As mentioned earlier, the two terrorist groups may differ on the immediate focus of their terror campaigns, with Hamas targeting Israel, and the Islamic State the wider region. But they are similar in that they are extensions of radical Islamic global movements: Hamas is an extension of the Muslim Brotherhood while the Islamic State is an offshoot of al-Qaeda. Both terrorist organizations view Jihad and suicide attacks as their primary tools for obtaining their goals. Similarly, both organizations have seized territory by force: Hamas took Gaza in a coup against the Palestinian Authority in 2007, and the Islamic State has taken control of large parts of Iraq and Syria.

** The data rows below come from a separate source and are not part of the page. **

(* $\mathfrak{b}\leq\mathfrak{a}(\mathcal{BI})$.
   Context: $\mathcal{F}in\times\mathcal{F}in$ is the ideal on $\omega\times\omega$ consisting of those $A$ such that for all but finitely many $n\in\omega$ the set $\{m:(n,m)\in A\}$ is finite. The Boring ideal $\mathcal{BI}$ is the ideal on $\omega^{3}$ consisting of those $A\subseteq\omega^{3}$ such that for every $n\in\omega$ the set $\{(j,k):(n,j,k)\in A\}$ belongs to $\mathcal{F}in\times\mathcal{F}in$, and for all but finitely many $n\in\omega$ the set $A\cap(\{n\}\times\omega^{2})$ is finite. For an ideal $\mathcal{J}$ on a countable set, $\mathfrak{a}(\mathcal{J})$ is the smallest size of an uncountable family $\mathcal{A}$ of $\mathcal{J}$-positive sets (sets not in $\mathcal{J}$) which is maximal with respect to the property that $A\cap B\in\mathcal{J}$ for all distinct $A,B\in\mathcal{A}$. $\mathfrak{b}$ is the bounding number. *)

theory Defs
  imports Main "HOL-Library.Countable_Set"
begin

definition FinFin :: "(nat \<times> nat) set set" where
  "FinFin = {A. finite {n. infinite {m. (n, m) \<in> A}}}"

definition BI :: "(nat \<times> nat \<times> nat) set set" where
  "BI = {A. (\<forall>n. {(j, k). (n, j, k) \<in> A} \<in> FinFin) \<and>
            finite {n. infinite (A \<inter> ({n} \<times> UNIV))}}"

definition ad_family :: "'a set set \<Rightarrow> 'a set set \<Rightarrow> bool" where
  "ad_family J \<A> \<longleftrightarrow> (\<forall>A\<in>\<A>. A \<notin> J) \<and> (\<forall>A\<in>\<A>. \<forall>B\<in>\<A>. A \<noteq> B \<longrightarrow> A \<inter> B \<in> J)"

definition mad_family :: "'a set set \<Rightarrow> 'a set set \<Rightarrow> bool" where
  "mad_family J \<A> \<longleftrightarrow> ad_family J \<A> \<and> (\<forall>X. X \<notin> \<A> \<longrightarrow> \<not> ad_family J (insert X \<A>))"

definition le_star :: "(nat \<Rightarrow> nat) \<Rightarrow> (nat \<Rightarrow> nat) \<Rightarrow> bool" where
  "le_star f g \<longleftrightarrow> finite {n. g n < f n}"

definition unbounded_family :: "(nat \<Rightarrow> nat) set \<Rightarrow> bool" where
  "unbounded_family F \<longleftrightarrow> \<not> (\<exists>g. \<forall>f\<in>F. le_star f g)"

definition card_le :: "'a set \<Rightarrow> 'b set \<Rightarrow> bool" where
  "card_le X Y \<longleftrightarrow> (\<exists>h. inj_on h X \<and> h ` X \<subseteq> Y)"

end

theory Submission
  imports Defs
begin

text \<open>
  A BI-positive set A has either infinitely many infinite slices A``{m}, or some slice A``{c}
  with infinitely many infinite rows (A``{c})``{j}. An uncountable MAD family therefore
  contains a sequence of distinct members A k all positive in the same way. Each member B is
  sent to the function whose value at k bounds the indices of the infinite relevant rows of
  A k \<inter> B. If some g dominated all these functions, then picking for each k an infinite
  relevant row of A k with index above g k and gluing these rows together would give a
  BI-positive set almost disjoint from every member of the family, contradicting maximality.
\<close>

lemma Int_Image_singleton: "(R \<inter> S) `` {a} = R `` {a} \<inter> S `` {a}"
  by auto

lemma FinFin_iff: "S \<in> FinFin \<longleftrightarrow> finite {j. infinite (S `` {j})}"
  by (simp add: FinFin_def Image_singleton)

lemma BI_iff: "A \<in> BI \<longleftrightarrow> (\<forall>n. A `` {n} \<in> FinFin) \<and> finite {n. infinite (A `` {n})}"
proof -
  have "A \<inter> ({n} \<times> UNIV) = Pair n ` (A `` {n})" for n
    by auto
  then have "infinite (A \<inter> ({n} \<times> UNIV)) \<longleftrightarrow> infinite (A `` {n})" for n
    by (simp add: finite_image_iff inj_on_def)
  moreover have "{(j, k). (n, j, k) \<in> A} = A `` {n}" for n
    by auto
  ultimately show ?thesis
    unfolding BI_def by simp
qed

lemma FinFin_subset: "S \<in> FinFin \<Longrightarrow> T \<subseteq> S \<Longrightarrow> T \<in> FinFin"
  unfolding FinFin_iff by (rule finite_subset[rotated]) (auto dest: finite_subset[OF Image_mono])

lemma empty_in_FinFin: "{} \<in> FinFin"
  by (simp add: FinFin_iff)

lemma infinite_FinFin_subset:
  assumes "infinite S"
  obtains T where "T \<subseteq> S" "infinite T" "T \<in> FinFin"
proof (cases "\<exists>j. infinite (S `` {j})")
  case True
  then obtain j where j: "infinite (S `` {j})"
    by blast
  let ?T = "{j} \<times> S `` {j}"
  have "infinite ?T"
    using j by (auto simp: finite_cartesian_product_iff)
  moreover have "{i. infinite (?T `` {i})} \<subseteq> {j}"
    by (auto simp: Image_singleton)
  then have "?T \<in> FinFin"
    unfolding FinFin_iff by (rule finite_subset) simp
  moreover have "?T \<subseteq> S"
    by auto
  ultimately show ?thesis
    using that by blast
next
  case False
  then have "S \<in> FinFin"
    by (simp add: FinFin_iff)
  with assms that show ?thesis
    by blast
qed

lemma infinite_rows_along_inj:
  fixes n :: "nat \<Rightarrow> 'a"
  assumes "inj n" and "\<And>k. infinite (R (n k))"
  shows "infinite {m. infinite (R m)}"
proof -
  have "range n \<subseteq> {m. infinite (R m)}"
    using assms(2) by auto
  then show ?thesis
    using range_inj_infinite[OF assms(1)] finite_subset by blast
qed

lemma finite_infinite_rows_along:
  assumes "finite {k. infinite (P k)}"
    and "\<And>k. R (n k) \<subseteq> P k" and "\<And>m. m \<notin> range n \<Longrightarrow> R m = {}"
  shows "finite {m. infinite (R m)}"
proof -
  have "{m. infinite (R m)} \<subseteq> n ` {k. infinite (P k)}"
    using assms(2,3) by (fastforce dest: finite_subset)
  then show ?thesis
    using assms(1) by (rule finite_subset[OF _ finite_imageI])
qed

The Islamic State in the Sinai Peninsula is challenging Hamas in several ways. It questions its loyalty to Sunni-Muslim fundamentalism, in that it has allowed Iran and Shiitism to move into Gaza. It berates the Hamas leadership for concluding a truce with Israel, and it considers Hamas’ warming relations with Egypt a betrayal. Hamas, on its part, views the Salafi jihadists as meddling in its domestic activities without its approval.

These Salafi terrorists have embarrassed Hamas by refusing to obey its truce with Israel. Hamas is also seeking to portray itself to western audiences as being non-jihadi. Another worry for Hamas is that Gaza Palestinian Salafists are joining the ranks of the Islamic State in the Sinai.

The Egyptian government aims to end the Sinai insurgency. It wants the Hamas rulers of Gaza to crack down on the insurgents in its midst and stop the flow of jihadists to the Sinai. The Hamas leaders want Egypt to end its blockade and recognize Hamas as the legitimate ruler of Gaza. In the meantime, according to an Israel Defense magazine headline (August 8, 2016) “Iran Sells Weapons to ISIS Sinai Branch,” it guarantees the continued spread of violence in the area.

There is no “love lost” between the two Islamist terrorist groups. And it appears that the bloodletting is unlikely to end soon, due to their contrasting interests.